Their points are generally valid in that it’s common for private plans to adopt certain types of payment reforms and quality monitoring after these measures are introduced in Medicare but not before. Nevertheless, there are some examples of ACO-like contracts made by private plans ahead of the Medicare counterparts. And that doesn’t count the failed attempts at capitation (establishing a dollar amount to cover the cost of health care services provided for an individual during a specified length of time) by private insurers and provider groups in the 1990s. I don’t think this invalidates the general point the authors make. It seems Medicare has solved a coordination problem among private insurers.
Indeed, some of the things Medicare will do are properly viewed as public goods. All but a handful of large, dominant health plans cannot convince large hospital systems to accept a new form of payment system. But Medicare can. What health plan will do its own comparative effectiveness analysis to determine which interventions work best for managing a condition? Medicare will or could. The results of both of these types of innovations, and others, will be public information and can benefit all plans and all consumers.
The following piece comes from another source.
(* Let $0<\lambda\le\lambda_0$. Let $\boldsymbol\alpha_0^\star$ be the optimal solution of $\max_{\boldsymbol\alpha\ge\mathbf0}D_{\lambda_0}(\boldsymbol\alpha)$, and let $\boldsymbol\alpha_0\in\mathbb R^{2nK}$ and $\epsilon\ge0$ satisfy $\|\boldsymbol\alpha_0-\boldsymbol\alpha_0^\star\|_2\le\epsilon$. Let $\mathbf m^\star$ be the optimal solution of $\min_{\mathbf m\ge\mathbf0}P_\lambda(\mathbf m)$. For $k\in[p]$ define $$\lambda_a=\frac{\lambda_0\big(2\epsilon\|\mathbf C_{k,:}\|_2+\|\boldsymbol\alpha_0\|_2\|\mathbf C_{k,:}\|_2+\mathbf C_{k,:}\boldsymbol\alpha_0\big)}{2\lambda_0+\|\boldsymbol\alpha_0\|_2\|\mathbf C_{k,:}\|_2-\mathbf C_{k,:}\boldsymbol\alpha_0}.$$ If $\lambda_a\le\lambda\le\lambda_0$, then $m^\star_k=0$.
   Context: Let $n,K,p\ge1$ be integers, $[n]=\{1,\dots,n\}$. For each $i\in[n]$ let $\mathbf x_i\in\mathbb R^p$ have nonnegative entries and let $\mathcal D_i,\mathcal S_i\subseteq[n]$ be sets of size $K$. Put $\mathbf c_{ij}=(\mathbf x_i-\mathbf x_j)\circ(\mathbf x_i-\mathbf x_j)$ (entrywise product). Vectors in $\mathbb R^{2nK}$ are indexed by the pairs $(i,l)$, $l\in\mathcal D_i$ ("different-class pairs") and $(i,j)$, $j\in\mathcal S_i$ ("same-class pairs"). $\mathbf C\in\mathbb R^{p\times2nK}$ has column $\mathbf c_{il}$ for each different-class pair and $-\mathbf c_{ij}$ for each same-class pair; $\mathbf C_{k,:}$ is its $k$-th row. Fix $L\ge U\ge0$, $\eta>0$; let $\mathbf t\in\mathbb R^{2nK}$ have entry $L$ at different-class pairs and $-U$ at same-class pairs; $\ell_s(x)=([s-x]_+)^2$ with $[z]_+=\max\{z,0\}$ (entrywise for vectors); $\mathbf1$ is the all-ones vector. For $\lambda>0$, $$P_\lambda(\mathbf m)=\sum_{i\in[n]}\Big[\sum_{l\in\mathcal D_i}\ell_L(\mathbf m^\top\mathbf c_{il})+\sum_{j\in\mathcal S_i}\ell_{-U}(-\mathbf m^\top\mathbf c_{ij})\Big]+\lambda\Big(\mathbf m^\top\mathbf1+\frac\eta2\|\mathbf m\|_2^2\Big)\ (\mathbf m\in\mathbb R^p_{\ge0}),$$ $$D_\lambda(\boldsymbol\alpha)=-\frac14\|\boldsymbol\alpha\|_2^2+\mathbf t^\top\boldsymbol\alpha-\frac{\lambda\eta}2\Big\|\frac1{\lambda\eta}[\mathbf C\boldsymbol\alpha-\lambda\mathbf1]_+\Big\|_2^2\ (\boldsymbol\alpha\in\mathbb R^{2nK}_{\ge0}).$$ *)

theory Defs
  imports "HOL-Analysis.Analysis"
begin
History shows that Medicare has done some things private plans seem unable to do, and then private plans voluntarily copy Medicare. But it goes the other way too.
For example, private plans have innovated in ways that traditional Medicare has not. Managed care, consumer-directed health plans, prescription drug benefits, and catastrophic coverage all exist or existed in the commercial market before adoption by Medicare (if ever). In some cases, the Medicare program, though not the traditional fee-for-service arm of Medicare itself, followed private plans’ lead, adding managed care plans (Medicare Advantage) and a prescription drug benefit (Part D), for example.
There does seem to be a coordination problem among private plans that Medicare solves. Likewise, the private sector sometimes does a better job of designing health plan options. That both plan types, private and government, play a worthwhile role needn’t be shocking or blasphemous. The fact that they both play worthwhile roles ought to be widely acknowledged. Naturally, it often isn’t—least of all, it seems, in our politically charged health policy debates.
Austin Frakt makes the point that both Medicare and the private health insurers have each independently introduced innovations that then can help the other when these innovations are shared. But when you look at the respective innovations, it becomes obvious which innovator it is that truly serves the interests of patients.
Medicare attempts to create greater value when using taxpayer and premium dollars for the payment of health care services. Thus you see innovations such as the adoption of prospective payment for hospital care. We benefit both as taxpayers and as patients.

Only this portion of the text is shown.